▸ **Task to carry out**
Each line from the opening of the records that follow to the line with "using err norm_ge_zero" needs to be written out exactly. Add nothing.

Stored data entries:
----------------
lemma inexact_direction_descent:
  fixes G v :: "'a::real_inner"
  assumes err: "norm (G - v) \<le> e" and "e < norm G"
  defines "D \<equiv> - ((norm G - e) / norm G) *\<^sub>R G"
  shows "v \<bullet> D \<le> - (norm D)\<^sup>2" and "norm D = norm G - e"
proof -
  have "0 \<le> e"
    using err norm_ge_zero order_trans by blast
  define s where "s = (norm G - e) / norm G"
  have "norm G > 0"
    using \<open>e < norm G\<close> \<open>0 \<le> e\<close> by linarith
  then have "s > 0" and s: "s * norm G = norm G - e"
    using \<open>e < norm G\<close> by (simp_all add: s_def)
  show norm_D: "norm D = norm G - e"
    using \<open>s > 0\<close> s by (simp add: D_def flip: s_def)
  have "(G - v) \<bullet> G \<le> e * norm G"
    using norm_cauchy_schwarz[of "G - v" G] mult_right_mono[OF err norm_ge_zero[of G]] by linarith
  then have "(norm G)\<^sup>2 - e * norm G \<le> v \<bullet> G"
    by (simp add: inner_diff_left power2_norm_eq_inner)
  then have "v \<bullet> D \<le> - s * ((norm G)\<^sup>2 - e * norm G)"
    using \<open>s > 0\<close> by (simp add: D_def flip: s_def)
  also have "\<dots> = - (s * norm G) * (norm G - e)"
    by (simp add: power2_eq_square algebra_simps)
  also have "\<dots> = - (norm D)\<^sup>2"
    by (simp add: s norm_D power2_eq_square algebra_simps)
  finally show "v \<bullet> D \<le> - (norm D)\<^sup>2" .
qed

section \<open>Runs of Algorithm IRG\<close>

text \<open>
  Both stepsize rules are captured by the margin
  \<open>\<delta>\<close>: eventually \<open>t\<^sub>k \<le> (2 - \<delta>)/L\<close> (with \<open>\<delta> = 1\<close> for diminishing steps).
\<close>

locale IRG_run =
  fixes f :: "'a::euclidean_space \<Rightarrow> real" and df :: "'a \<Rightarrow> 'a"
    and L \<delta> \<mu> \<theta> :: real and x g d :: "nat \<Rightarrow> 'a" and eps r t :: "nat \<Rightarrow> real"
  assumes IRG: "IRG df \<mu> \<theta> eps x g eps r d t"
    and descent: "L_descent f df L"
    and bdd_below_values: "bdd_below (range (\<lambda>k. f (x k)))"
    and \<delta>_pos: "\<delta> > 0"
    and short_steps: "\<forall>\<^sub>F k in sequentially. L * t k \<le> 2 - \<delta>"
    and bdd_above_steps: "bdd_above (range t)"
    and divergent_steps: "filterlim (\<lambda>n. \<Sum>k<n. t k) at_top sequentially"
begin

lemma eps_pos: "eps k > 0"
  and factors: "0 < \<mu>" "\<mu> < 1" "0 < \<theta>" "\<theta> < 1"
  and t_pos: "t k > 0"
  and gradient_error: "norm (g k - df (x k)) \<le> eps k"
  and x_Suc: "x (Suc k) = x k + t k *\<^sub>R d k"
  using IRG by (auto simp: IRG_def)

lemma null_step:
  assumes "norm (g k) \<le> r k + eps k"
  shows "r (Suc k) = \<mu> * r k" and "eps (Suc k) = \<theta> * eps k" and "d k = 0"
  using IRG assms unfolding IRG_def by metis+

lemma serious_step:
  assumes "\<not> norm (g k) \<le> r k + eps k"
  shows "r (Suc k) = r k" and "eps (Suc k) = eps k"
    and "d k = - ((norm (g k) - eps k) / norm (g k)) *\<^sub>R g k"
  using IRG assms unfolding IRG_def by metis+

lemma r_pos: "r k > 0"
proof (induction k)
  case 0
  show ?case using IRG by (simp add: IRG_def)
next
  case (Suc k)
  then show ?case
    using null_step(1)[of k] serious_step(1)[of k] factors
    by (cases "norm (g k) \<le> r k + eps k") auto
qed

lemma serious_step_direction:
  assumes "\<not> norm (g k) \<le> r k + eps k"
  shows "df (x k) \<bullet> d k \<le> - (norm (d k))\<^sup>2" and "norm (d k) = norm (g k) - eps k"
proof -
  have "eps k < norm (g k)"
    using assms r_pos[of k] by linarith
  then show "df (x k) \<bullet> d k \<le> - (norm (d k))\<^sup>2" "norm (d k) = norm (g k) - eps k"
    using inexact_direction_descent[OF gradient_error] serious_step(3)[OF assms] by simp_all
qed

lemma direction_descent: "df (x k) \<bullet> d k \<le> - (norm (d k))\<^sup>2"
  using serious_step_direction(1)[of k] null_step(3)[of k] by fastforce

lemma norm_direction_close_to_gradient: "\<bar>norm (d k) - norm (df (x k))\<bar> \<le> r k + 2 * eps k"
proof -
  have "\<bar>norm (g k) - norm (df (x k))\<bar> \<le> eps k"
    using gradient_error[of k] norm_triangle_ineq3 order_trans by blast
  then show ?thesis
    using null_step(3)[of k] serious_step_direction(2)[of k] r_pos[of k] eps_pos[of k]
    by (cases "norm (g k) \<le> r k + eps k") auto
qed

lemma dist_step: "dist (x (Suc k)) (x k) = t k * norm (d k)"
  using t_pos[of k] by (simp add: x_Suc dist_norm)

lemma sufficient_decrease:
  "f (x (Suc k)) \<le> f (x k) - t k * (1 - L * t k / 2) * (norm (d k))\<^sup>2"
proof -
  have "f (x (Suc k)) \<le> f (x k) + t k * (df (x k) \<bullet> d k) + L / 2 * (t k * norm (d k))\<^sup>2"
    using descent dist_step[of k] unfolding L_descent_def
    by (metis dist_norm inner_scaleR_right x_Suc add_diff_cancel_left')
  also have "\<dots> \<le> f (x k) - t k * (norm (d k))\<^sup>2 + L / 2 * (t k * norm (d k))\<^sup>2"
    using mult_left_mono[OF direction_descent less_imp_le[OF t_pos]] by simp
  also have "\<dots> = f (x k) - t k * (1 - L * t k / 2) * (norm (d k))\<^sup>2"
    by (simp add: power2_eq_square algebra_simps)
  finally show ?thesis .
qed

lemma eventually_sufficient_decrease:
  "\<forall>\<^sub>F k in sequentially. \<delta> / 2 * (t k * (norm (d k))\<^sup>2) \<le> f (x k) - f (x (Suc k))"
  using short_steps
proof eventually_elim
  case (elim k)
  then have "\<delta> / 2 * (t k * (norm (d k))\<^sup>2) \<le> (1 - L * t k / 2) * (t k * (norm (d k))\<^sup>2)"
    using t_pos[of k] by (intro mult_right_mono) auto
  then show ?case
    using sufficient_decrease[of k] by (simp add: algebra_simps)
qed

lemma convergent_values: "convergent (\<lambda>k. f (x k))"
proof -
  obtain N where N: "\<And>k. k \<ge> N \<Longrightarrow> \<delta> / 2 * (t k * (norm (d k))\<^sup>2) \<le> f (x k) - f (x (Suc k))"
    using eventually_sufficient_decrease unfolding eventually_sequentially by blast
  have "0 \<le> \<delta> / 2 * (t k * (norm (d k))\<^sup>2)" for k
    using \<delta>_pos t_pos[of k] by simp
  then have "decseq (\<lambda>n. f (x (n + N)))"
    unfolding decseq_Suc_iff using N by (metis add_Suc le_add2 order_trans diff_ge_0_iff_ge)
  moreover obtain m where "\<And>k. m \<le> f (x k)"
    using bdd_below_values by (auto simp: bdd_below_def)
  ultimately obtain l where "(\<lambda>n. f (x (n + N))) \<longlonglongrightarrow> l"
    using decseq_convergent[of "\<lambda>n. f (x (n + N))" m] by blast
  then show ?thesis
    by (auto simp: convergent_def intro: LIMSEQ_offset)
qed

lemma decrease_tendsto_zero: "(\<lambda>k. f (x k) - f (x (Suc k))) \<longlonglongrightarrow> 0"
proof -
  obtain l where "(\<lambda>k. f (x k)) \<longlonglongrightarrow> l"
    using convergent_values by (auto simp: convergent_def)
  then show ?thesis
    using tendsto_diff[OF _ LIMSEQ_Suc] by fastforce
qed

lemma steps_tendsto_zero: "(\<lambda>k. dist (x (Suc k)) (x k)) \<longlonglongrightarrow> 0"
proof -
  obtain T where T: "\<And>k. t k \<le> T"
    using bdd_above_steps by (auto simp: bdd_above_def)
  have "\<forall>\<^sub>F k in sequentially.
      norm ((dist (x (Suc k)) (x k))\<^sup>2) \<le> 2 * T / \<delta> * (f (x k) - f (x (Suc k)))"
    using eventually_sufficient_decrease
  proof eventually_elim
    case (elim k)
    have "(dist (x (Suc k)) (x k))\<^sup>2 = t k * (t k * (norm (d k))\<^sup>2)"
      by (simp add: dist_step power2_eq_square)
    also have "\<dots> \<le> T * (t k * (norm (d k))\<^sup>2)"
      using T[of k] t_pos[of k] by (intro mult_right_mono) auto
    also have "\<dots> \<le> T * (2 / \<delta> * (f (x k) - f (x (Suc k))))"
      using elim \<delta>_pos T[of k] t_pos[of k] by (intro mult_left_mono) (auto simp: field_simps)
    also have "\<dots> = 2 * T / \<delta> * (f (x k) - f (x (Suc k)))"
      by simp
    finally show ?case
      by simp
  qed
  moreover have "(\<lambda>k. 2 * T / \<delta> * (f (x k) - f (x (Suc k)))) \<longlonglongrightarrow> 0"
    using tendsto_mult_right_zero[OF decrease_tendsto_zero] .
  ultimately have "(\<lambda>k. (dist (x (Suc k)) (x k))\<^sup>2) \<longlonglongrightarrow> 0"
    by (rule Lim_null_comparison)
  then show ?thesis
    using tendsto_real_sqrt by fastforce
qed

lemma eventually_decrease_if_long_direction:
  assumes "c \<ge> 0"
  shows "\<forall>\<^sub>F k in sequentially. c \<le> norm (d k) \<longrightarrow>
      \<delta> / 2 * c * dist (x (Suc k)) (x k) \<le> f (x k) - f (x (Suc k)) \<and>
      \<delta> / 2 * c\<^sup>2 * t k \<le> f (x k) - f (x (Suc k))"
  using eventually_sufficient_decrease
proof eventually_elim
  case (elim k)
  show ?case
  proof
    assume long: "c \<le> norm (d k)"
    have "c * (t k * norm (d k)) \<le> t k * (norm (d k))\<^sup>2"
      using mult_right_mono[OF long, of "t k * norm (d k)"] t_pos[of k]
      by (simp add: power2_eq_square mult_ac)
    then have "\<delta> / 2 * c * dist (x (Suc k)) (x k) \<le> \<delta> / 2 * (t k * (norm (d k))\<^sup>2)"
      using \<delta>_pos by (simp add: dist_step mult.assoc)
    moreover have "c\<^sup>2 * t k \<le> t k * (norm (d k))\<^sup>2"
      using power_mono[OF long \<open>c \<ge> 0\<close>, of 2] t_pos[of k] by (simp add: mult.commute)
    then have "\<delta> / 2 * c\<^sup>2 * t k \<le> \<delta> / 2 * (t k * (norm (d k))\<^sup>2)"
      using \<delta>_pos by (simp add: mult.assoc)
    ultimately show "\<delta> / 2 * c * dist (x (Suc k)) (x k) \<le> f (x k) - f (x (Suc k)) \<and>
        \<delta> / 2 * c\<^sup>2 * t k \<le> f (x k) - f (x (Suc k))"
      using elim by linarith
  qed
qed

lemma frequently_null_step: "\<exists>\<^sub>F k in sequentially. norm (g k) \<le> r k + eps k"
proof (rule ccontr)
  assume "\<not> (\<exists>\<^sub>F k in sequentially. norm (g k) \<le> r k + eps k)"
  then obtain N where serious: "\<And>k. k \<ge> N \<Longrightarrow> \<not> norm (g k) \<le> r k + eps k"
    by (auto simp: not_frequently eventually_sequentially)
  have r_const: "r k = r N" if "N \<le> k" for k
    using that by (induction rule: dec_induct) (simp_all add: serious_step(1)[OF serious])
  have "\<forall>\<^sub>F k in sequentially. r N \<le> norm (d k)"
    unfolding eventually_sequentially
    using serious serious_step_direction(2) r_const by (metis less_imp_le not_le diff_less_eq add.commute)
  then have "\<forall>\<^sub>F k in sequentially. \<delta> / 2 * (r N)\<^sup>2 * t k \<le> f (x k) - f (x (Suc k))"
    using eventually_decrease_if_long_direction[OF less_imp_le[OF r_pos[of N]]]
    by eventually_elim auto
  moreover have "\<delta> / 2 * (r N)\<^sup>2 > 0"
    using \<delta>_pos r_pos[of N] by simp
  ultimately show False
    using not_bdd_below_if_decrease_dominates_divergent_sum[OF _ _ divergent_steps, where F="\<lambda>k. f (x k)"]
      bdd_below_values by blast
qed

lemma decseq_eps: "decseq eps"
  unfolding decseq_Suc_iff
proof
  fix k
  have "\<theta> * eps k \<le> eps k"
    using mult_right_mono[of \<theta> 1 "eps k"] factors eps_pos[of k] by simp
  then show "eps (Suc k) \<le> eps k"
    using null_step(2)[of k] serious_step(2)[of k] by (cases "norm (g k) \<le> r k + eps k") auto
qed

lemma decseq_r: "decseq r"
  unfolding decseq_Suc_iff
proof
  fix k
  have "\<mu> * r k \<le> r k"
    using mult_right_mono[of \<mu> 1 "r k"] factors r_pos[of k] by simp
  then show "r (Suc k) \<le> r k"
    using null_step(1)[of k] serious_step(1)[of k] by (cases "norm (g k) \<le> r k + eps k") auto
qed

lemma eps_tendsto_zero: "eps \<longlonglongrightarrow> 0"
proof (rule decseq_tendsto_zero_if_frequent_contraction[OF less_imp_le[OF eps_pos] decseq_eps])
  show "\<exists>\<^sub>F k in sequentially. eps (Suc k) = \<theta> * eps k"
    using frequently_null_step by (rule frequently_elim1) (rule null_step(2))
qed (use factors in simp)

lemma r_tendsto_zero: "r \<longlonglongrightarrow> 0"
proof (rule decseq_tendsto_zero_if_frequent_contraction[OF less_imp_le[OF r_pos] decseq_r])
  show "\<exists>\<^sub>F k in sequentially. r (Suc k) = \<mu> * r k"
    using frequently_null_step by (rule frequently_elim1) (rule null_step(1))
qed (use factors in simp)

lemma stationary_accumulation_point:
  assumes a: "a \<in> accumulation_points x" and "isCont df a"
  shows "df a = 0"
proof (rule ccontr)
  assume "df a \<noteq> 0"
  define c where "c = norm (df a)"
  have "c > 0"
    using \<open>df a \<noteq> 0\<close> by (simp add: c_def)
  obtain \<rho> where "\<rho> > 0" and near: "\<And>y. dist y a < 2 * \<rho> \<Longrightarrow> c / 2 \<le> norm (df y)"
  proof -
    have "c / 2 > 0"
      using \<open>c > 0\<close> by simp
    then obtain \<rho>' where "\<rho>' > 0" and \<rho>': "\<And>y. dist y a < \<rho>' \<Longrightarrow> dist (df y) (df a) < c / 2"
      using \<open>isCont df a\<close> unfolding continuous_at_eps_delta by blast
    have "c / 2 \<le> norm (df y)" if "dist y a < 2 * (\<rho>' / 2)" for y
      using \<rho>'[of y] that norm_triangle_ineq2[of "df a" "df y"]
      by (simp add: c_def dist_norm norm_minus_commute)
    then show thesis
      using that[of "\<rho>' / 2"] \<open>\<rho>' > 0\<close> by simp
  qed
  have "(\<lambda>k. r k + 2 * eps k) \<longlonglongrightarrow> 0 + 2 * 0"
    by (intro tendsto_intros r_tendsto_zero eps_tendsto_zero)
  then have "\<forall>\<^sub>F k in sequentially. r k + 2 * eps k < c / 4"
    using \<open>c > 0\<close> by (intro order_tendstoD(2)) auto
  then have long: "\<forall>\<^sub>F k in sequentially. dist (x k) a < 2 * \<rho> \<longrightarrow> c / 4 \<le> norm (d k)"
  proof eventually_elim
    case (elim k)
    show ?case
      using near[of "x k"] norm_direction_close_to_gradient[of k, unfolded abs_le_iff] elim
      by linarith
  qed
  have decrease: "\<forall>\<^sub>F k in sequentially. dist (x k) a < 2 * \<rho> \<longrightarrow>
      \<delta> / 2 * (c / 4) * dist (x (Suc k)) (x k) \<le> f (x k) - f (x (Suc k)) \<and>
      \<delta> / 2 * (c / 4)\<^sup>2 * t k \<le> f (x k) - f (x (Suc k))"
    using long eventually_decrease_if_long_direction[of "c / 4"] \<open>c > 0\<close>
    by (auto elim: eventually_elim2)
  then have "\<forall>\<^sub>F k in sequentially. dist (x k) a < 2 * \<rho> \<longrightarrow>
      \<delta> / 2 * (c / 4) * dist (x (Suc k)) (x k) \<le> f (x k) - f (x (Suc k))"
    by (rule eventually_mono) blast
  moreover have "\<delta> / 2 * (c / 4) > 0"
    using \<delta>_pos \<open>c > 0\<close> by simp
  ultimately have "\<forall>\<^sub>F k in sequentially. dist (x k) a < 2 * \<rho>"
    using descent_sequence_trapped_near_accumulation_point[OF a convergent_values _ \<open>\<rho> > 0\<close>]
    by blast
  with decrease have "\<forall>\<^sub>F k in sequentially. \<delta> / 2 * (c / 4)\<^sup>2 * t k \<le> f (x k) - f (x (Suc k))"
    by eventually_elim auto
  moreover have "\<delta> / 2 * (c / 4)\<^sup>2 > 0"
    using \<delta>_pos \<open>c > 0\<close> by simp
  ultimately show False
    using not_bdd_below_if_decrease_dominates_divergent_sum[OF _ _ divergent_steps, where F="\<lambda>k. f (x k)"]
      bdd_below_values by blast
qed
----------------
▸ **Task result**
lemma inexact_direction_descent:
  fixes G v :: "'a::real_inner"
  assumes err: "norm (G - v) \<le> e" and "e < norm G"
  defines "D \<equiv> - ((norm G - e) / norm G) *\<^sub>R G"
  shows "v \<bullet> D \<le> - (norm D)\<^sup>2" and "norm D = norm G - e"
proof -
  have "0 \<le> e"
    using err norm_ge_zero order_trans by blast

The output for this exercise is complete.